━━━ Records provided

(* Let $c>0$ and $\gamma>0$, and define the hybrid ordinary-Cauchy (HOC) function $l_{\gamma,c}:\mathbb{R}\to\mathbb{R}$ by $$l_{\gamma,c}(x)=\begin{cases} x^2/2, & |x|\le c,\\ \frac{\gamma^2+c^2}{2}\ln\!\big(1+(x/\gamma)^2\big)+b, & |x|>c,\end{cases}\qquad b=\frac{c^2}{2}-\frac{\gamma^2+c^2}{2}\ln\!\big(1+(c/\gamma)^2\big).$$ Define the (extended-real-valued) implicit regularizer $\varphi_{\gamma,c}(y)=\sup_{t\in\mathbb{R}}\big[l_{\gamma,c}(t)-\tfrac{(t-y)^2}{2}\big]$. Then for every $x\in\mathbb{R}$, $$l_{\gamma,c}(x)=\min_{y\in\mathbb{R}}\ \frac{(x-y)^2}{2}+\varphi_{\gamma,c}(y),$$ and this minimum is attained uniquely at $$y^\star=\max\Big\{0,\ |x|-\frac{(\gamma^2+c^2)|x|}{\gamma^2+x^2}\Big\}\cdot\operatorname{sign}(x).$$
   Context: $\operatorname{sign}(x)$ denotes the sign of $x$ (with $\operatorname{sign}(0)=0$). *)

theory Defs
  imports Complex_Main "HOL-Library.Extended_Real"
begin

definition hoc_b :: "real \<Rightarrow> real \<Rightarrow> real" where
  "hoc_b \<gamma> c = c^2 / 2 - (\<gamma>^2 + c^2) / 2 * ln (1 + (c / \<gamma>)^2)"

definition hoc :: "real \<Rightarrow> real \<Rightarrow> real \<Rightarrow> real" where
  "hoc \<gamma> c x = (if \<bar>x\<bar> \<le> c then x^2 / 2
     else (\<gamma>^2 + c^2) / 2 * ln (1 + (x / \<gamma>)^2) + hoc_b \<gamma> c)"

definition hoc_phi :: "real \<Rightarrow> real \<Rightarrow> real \<Rightarrow> ereal" where
  "hoc_phi \<gamma> c y = (SUP t::real. ereal (hoc \<gamma> c t - (t - y)^2 / 2))"

end

theory Submission
  imports Defs "HOL-Analysis.Derivative"
begin

text \<open>Put \<open>h(t) = t\<^sup>2/2 - l(t)\<close>. Expanding the square,
\<open>l(t) - (t - y)\<^sup>2/2 = t y - y\<^sup>2/2 - h(t)\<close>, so \<open>\<phi>(y) + y\<^sup>2/2\<close> is the convex conjugate
\<open>h\<^sup>*(y)\<close>, and the claim \<open>l(x) \<le> (x - y)\<^sup>2/2 + \<phi>(y)\<close> with equality exactly at \<open>y\<^sup>\<star>\<close> is
the Fenchel-Young inequality \<open>h(x) + h\<^sup>*(y) \<ge> x y\<close> with its equality case \<open>y = h'(x)\<close>.
This needs \<open>h\<close> convex and differentiable. It vanishes on \<open>[-c, c]\<close>; the constant \<open>b\<close>
makes its outer branch vanish at \<open>\<plusminus>c\<close> too, and the derivative
\<open>s (s\<^sup>2 - c\<^sup>2)/(\<gamma>\<^sup>2 + s\<^sup>2)\<close> of that branch also vanishes there. So \<open>h'\<close> is continuous,
odd and nondecreasing, and \<open>h'(x)\<close> is exactly \<open>y\<^sup>\<star>\<close>.\<close>

lemma odd_mono_on_nonneg_imp_mono:
  fixes f :: "real \<Rightarrow> real"
  assumes odd: "\<And>x. f (- x) = - f x" and mono: "mono_on {0..} f"
  shows "mono f"
proof (rule monoI)
  fix s t :: real assume st: "s \<le> t"
  have f0: "f 0 = 0" using odd[of 0] by simp
  have mono': "f u \<le> f v" if "0 \<le> u" "u \<le> v" for u v
    using mono that by (auto simp: mono_on_def)
  consider "0 \<le> s" | "t \<le> 0" | "s < 0" "0 < t" by linarith
  then show "f s \<le> f t"
  proof cases
    case 1 then show ?thesis using mono' st by blast
  next
    case 2 then show ?thesis using mono'[of "- t" "- s"] st odd[of s] odd[of t] by simp
  next
    case 3 then show ?thesis using mono'[of 0 "- s"] mono'[of 0 t] odd[of s] f0 by simp
  qed
qed

lemma non_tangent_line_not_supporting:
  fixes f :: "real \<Rightarrow> real"
  assumes deriv: "(f has_real_derivative d) (at x)" and slope: "y \<noteq> d"
  shows "\<exists>t. f t < f x + y * (t - x)"
proof (rule ccontr)
  assume "\<nexists>t. f t < f x + y * (t - x)"
  then have "f x - y * x \<le> f t - y * t" for t by (auto simp: not_less algebra_simps)
  moreover have "((\<lambda>t. f t - y * t) has_real_derivative d - y) (at x)"
    using deriv by (auto intro!: derivative_eq_intros)
  ultimately have "d - y = 0" by (intro DERIV_local_min[where d = 1]) auto
  with slope show False by simp
qed

definition hoc_gap :: "real \<Rightarrow> real \<Rightarrow> real \<Rightarrow> real" where
  "hoc_gap \<gamma> c t = t^2 / 2 - hoc \<gamma> c t"

definition hoc_tail_gap :: "real \<Rightarrow> real \<Rightarrow> real \<Rightarrow> real" where
  "hoc_tail_gap \<gamma> c s = s^2 / 2 - (\<gamma>^2 + c^2) / 2 * ln (1 + (s / \<gamma>)^2) - hoc_b \<gamma> c"

definition hoc_shrink :: "real \<Rightarrow> real \<Rightarrow> real \<Rightarrow> real" where
  "hoc_shrink \<gamma> c s = (if \<bar>s\<bar> \<le> c then 0 else s * (s^2 - c^2) / (\<gamma>^2 + s^2))"

lemma hoc_gap_eq: "hoc_gap \<gamma> c t = (if \<bar>t\<bar> \<le> c then 0 else hoc_tail_gap \<gamma> c t)"
  by (simp add: hoc_gap_def hoc_def hoc_tail_gap_def)

lemma hoc_tail_gap_eq_0: "\<bar>s\<bar> = c \<Longrightarrow> hoc_tail_gap \<gamma> c s = 0"
  by (auto simp: hoc_tail_gap_def hoc_b_def abs_if split: if_splits)

lemma has_real_derivative_hoc_tail_gap:
  assumes "\<gamma> > 0"
  shows "(hoc_tail_gap \<gamma> c has_real_derivative s * (s^2 - c^2) / (\<gamma>^2 + s^2)) (at s)"
proof -
  have pos: "\<gamma>^2 + s^2 > 0" using assms by (simp add: add_pos_nonneg)
  have "1 + (s / \<gamma>)^2 = (\<gamma>^2 + s^2) / \<gamma>^2"
    using assms by (simp add: power_divide add_divide_distrib)
  then have "2 * s / 2 - (\<gamma>^2 + c^2) / 2 * (2 * (s / \<gamma>) * (1 / \<gamma>) / (1 + (s / \<gamma>)^2))
      = s * (s^2 - c^2) / (\<gamma>^2 + s^2)"
    using assms pos by (simp add: divide_simps) (simp add: algebra_simps power2_eq_square)
  moreover have "(hoc_tail_gap \<gamma> c has_real_derivative
      2 * s / 2 - (\<gamma>^2 + c^2) / 2 * (2 * (s / \<gamma>) * (1 / \<gamma>) / (1 + (s / \<gamma>)^2))) (at s)"
    unfolding hoc_tail_gap_def[abs_def] using assms
    by (auto intro!: derivative_eq_intros simp: add_pos_nonneg mult_ac) (simp add: divide_simps algebra_simps)
  ultimately show ?thesis by simp
qed

lemma has_real_derivative_hoc_gap:
  assumes "c > 0" "\<gamma> > 0"
  shows "(hoc_gap \<gamma> c has_real_derivative hoc_shrink \<gamma> c x) (at x)"
proof -
  define S where "S = {t::real. \<bar>t\<bar> \<le> c}"
  define T where "T = {t::real. c \<le> \<bar>t\<bar>}"
  define d where "d = x * (x^2 - c^2) / (\<gamma>^2 + x^2)"
  have closure: "closure S = S" "closure T = T"
    unfolding S_def T_def by (auto intro!: closure_closed closed_Collect_le continuous_intros)
  have ST: "S \<union> T = UNIV" "S \<union> (closure S \<inter> closure T) = S" "T \<union> (closure S \<inter> closure T) = T"
    unfolding closure by (auto simp: S_def T_def)
  have "((\<lambda>t. if t \<in> S then 0 else hoc_tail_gap \<gamma> c t) has_derivative
      (if x \<in> S then (\<lambda>h. 0) else (\<lambda>h. d * h))) (at x within (S \<union> T))"
  proof (rule has_derivative_If_within_closures)
    show "(hoc_tail_gap \<gamma> c has_derivative (\<lambda>h. d * h)) (at x within T \<union> (closure S \<inter> closure T))"
      using has_field_derivative_at_within[OF has_real_derivative_hoc_tail_gap[OF assms(2)]]
      unfolding has_field_derivative_def d_def .
    show "0 = hoc_tail_gap \<gamma> c x" if "x \<in> closure S" "x \<in> closure T"
      using that unfolding closure by (simp add: S_def T_def hoc_tail_gap_eq_0)
    show "(\<lambda>h. 0) = (\<lambda>h. d * h)" if "x \<in> closure S" "x \<in> closure T"
      using that unfolding closure by (simp add: S_def T_def d_def)
  qed (use ST in auto)
  moreover have "(\<lambda>t. if t \<in> S then 0 else hoc_tail_gap \<gamma> c t) = hoc_gap \<gamma> c"
    by (auto simp: S_def hoc_gap_eq)
  moreover have "(if x \<in> S then (\<lambda>h. 0) else (\<lambda>h. d * h)) = (*) (hoc_shrink \<gamma> c x)"
    by (auto simp: S_def d_def hoc_shrink_def)
  ultimately show ?thesis
    using ST(1) by (simp add: has_field_derivative_def)
qed

lemma hoc_tail_slope_mono:
  fixes \<gamma> c s t :: real
  assumes "0 \<le> c" "0 < \<gamma>" "c \<le> s" "s \<le> t"
  shows "s * (s^2 - c^2) / (\<gamma>^2 + s^2) \<le> t * (t^2 - c^2) / (\<gamma>^2 + t^2)"
proof -
  define P where "P = (\<gamma>^2 + s^2) * (\<gamma>^2 + t^2)"
  have pos: "\<gamma>^2 + s^2 > 0" "\<gamma>^2 + t^2 > 0" using assms by (simp_all add: add_pos_nonneg)
  have "c * c \<le> s * t" using assms by (intro mult_mono) auto
  then have "(\<gamma>^2 + c^2) * (\<gamma>^2 - s * t) \<le> (\<gamma>^2 + c^2) * (\<gamma>^2 - c * c)"
    by (intro mult_left_mono) auto
  also have "\<dots> \<le> P"
    using zero_le_power2[of "\<gamma> * s"] zero_le_power2[of "\<gamma> * t"] zero_le_power2[of "s * t"]
      zero_le_power2[of "c * c"]
    unfolding P_def by (simp add: algebra_simps power2_eq_square)
  finally have "0 \<le> P + (\<gamma>^2 + c^2) * (s * t - \<gamma>^2)"
    by (simp add: algebra_simps)
  moreover have "0 < P" unfolding P_def using pos by simp
  ultimately have "0 \<le> (t - s) * (P + (\<gamma>^2 + c^2) * (s * t - \<gamma>^2)) / P"
    using assms by simp
  also have "\<dots> = t * (t^2 - c^2) / (\<gamma>^2 + t^2) - s * (s^2 - c^2) / (\<gamma>^2 + s^2)"
    unfolding P_def using pos assms(2) by (simp add: divide_simps) (simp add: algebra_simps power2_eq_square)
  finally show ?thesis by simp
qed

lemma hoc_shrink_minus: "hoc_shrink \<gamma> c (- s) = - hoc_shrink \<gamma> c s"
  by (simp add: hoc_shrink_def)

lemma mono_hoc_shrink:
  assumes "0 < c" "0 < \<gamma>"
  shows "mono (hoc_shrink \<gamma> c)"
proof (rule odd_mono_on_nonneg_imp_mono[where f = "hoc_shrink \<gamma> c", OF hoc_shrink_minus], rule mono_onI)
  fix s t :: real assume "s \<in> {0..}" "t \<in> {0..}" "s \<le> t"
  moreover have "0 \<le> hoc_shrink \<gamma> c t" if "c < t"
    using hoc_tail_slope_mono[of c \<gamma> c t] assms that by (simp add: hoc_shrink_def)
  ultimately show "hoc_shrink \<gamma> c s \<le> hoc_shrink \<gamma> c t"
    using hoc_tail_slope_mono[of c \<gamma> s t] assms by (auto simp: hoc_shrink_def)
qed

lemma convex_on_hoc_gap:
  assumes "0 < c" "0 < \<gamma>"
  shows "convex_on UNIV (hoc_gap \<gamma> c)"
  using has_real_derivative_hoc_gap[OF assms] mono_hoc_shrink[OF assms]
  by (intro convex_on_realI[where f' = "hoc_shrink \<gamma> c"]) (auto simp: mono_def)

lemma hoc_objective_eq: "hoc \<gamma> c t - (t - y)^2 / 2 = t * y - y^2 / 2 - hoc_gap \<gamma> c t"
  by (simp add: hoc_gap_def power2_eq_square field_simps)

lemma hoc_phi_at_shrink:
  assumes "0 < c" "0 < \<gamma>"
  shows "hoc_phi \<gamma> c (hoc_shrink \<gamma> c x) = ereal (hoc \<gamma> c x - (x - hoc_shrink \<gamma> c x)^2 / 2)"
proof -
  let ?y = "hoc_shrink \<gamma> c x"
  have "hoc_gap \<gamma> c t - hoc_gap \<gamma> c x \<ge> ?y * (t - x)" for t
    using has_real_derivative_hoc_gap[OF assms]
    by (intro convex_on_imp_above_tangent[OF convex_on_hoc_gap[OF assms]]) auto
  then have "hoc \<gamma> c t - (t - ?y)^2 / 2 \<le> hoc \<gamma> c x - (x - ?y)^2 / 2" for t
    unfolding hoc_objective_eq by (simp add: algebra_simps)
  then show ?thesis
    unfolding hoc_phi_def by (intro antisym SUP_least SUP_upper2[of x]) auto
qed

lemma hoc_phi_gt_off_shrink:
  assumes "0 < c" "0 < \<gamma>" "y \<noteq> hoc_shrink \<gamma> c x"
  shows "ereal (hoc \<gamma> c x - (x - y)^2 / 2) < hoc_phi \<gamma> c y"
proof -
  obtain t where "hoc_gap \<gamma> c t < hoc_gap \<gamma> c x + y * (t - x)"
    using non_tangent_line_not_supporting[OF has_real_derivative_hoc_gap[OF assms(1,2)] assms(3)]
    by blast
  then have "ereal (hoc \<gamma> c x - (x - y)^2 / 2) < ereal (hoc \<gamma> c t - (t - y)^2 / 2)"
    unfolding hoc_objective_eq by (simp add: algebra_simps)
  also have "\<dots> \<le> hoc_phi \<gamma> c y"
    unfolding hoc_phi_def by (rule SUP_upper) simp
  finally show ?thesis .
qed

lemma hoc_shrink_eq_max:
  assumes "0 < c" "0 < \<gamma>"
  shows "hoc_shrink \<gamma> c x = max 0 (\<bar>x\<bar> - (\<gamma>^2 + c^2) * \<bar>x\<bar> / (\<gamma>^2 + x^2)) * sgn x"
proof -
  have pos: "\<gamma>^2 + x^2 > 0" using assms by (simp add: add_pos_nonneg)
  have "\<bar>x\<bar> - (\<gamma>^2 + c^2) * \<bar>x\<bar> / (\<gamma>^2 + x^2) = \<bar>x\<bar> * (x^2 - c^2) / (\<gamma>^2 + x^2)"
    using pos by (simp add: divide_simps) (simp add: algebra_simps)
  moreover have "x^2 \<le> c^2 \<longleftrightarrow> \<bar>x\<bar> \<le> c"
    using assms by (metis abs_le_square_iff abs_of_pos)
  ultimately show ?thesis
    using pos by (auto simp: hoc_shrink_def sgn_if zero_le_divide_iff zero_le_mult_iff max_def)
qed

theorem mainTheorem2:
  fixes \<gamma> c x :: real
  assumes "c > 0" and "\<gamma> > 0"
  defines "ystar \<equiv> max 0 (\<bar>x\<bar> - (\<gamma>^2 + c^2) * \<bar>x\<bar> / (\<gamma>^2 + x^2)) * sgn x"
  shows "ereal (hoc \<gamma> c x) = ereal ((x - ystar)^2 / 2) + hoc_phi \<gamma> c ystar
     \<and> (\<forall>y. y \<noteq> ystar \<longrightarrow> ereal (hoc \<gamma> c x) < ereal ((x - y)^2 / 2) + hoc_phi \<gamma> c y)"
proof (intro conjI allI impI)
  have ystar: "ystar = hoc_shrink \<gamma> c x"
    unfolding ystar_def using hoc_shrink_eq_max[OF assms(1,2)] by simp
  have split: "ereal (hoc \<gamma> c x) = ereal ((x - y)^2 / 2) + ereal (hoc \<gamma> c x - (x - y)^2 / 2)" for y
    by simp
  show "ereal (hoc \<gamma> c x) = ereal ((x - ystar)^2 / 2) + hoc_phi \<gamma> c ystar"
    unfolding ystar hoc_phi_at_shrink[OF assms(1,2)] by (rule split)
  fix y assume "y \<noteq> ystar"
  then have "ereal (hoc \<gamma> c x - (x - y)^2 / 2) < hoc_phi \<gamma> c y"
    using hoc_phi_gt_off_shrink[OF assms(1,2)] ystar by blast
  then show "ereal (hoc \<gamma> c x) < ereal ((x - y)^2 / 2) + hoc_phi \<gamma> c y"
    unfolding split[of y] by (intro ereal_less_add) simp_all
qed

end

━━━━━━

_Exercise_
Look above for the line with "by (intro mult_left_mono) auto"; retype exactly that line, every line after it up to the line with "pos by simp", and that line too, nothing else.

_Result of this exercise_
    by (intro mult_left_mono) auto
  also have "\<dots> \<le> P"
    using zero_le_power2[of "\<gamma> * s"] zero_le_power2[of "\<gamma> * t"] zero_le_power2[of "s * t"]
      zero_le_power2[of "c * c"]
    unfolding P_def by (simp add: algebra_simps power2_eq_square)
  finally have "0 \<le> P + (\<gamma>^2 + c^2) * (s * t - \<gamma>^2)"
    by (simp add: algebra_simps)
  moreover have "0 < P" unfolding P_def using pos by simp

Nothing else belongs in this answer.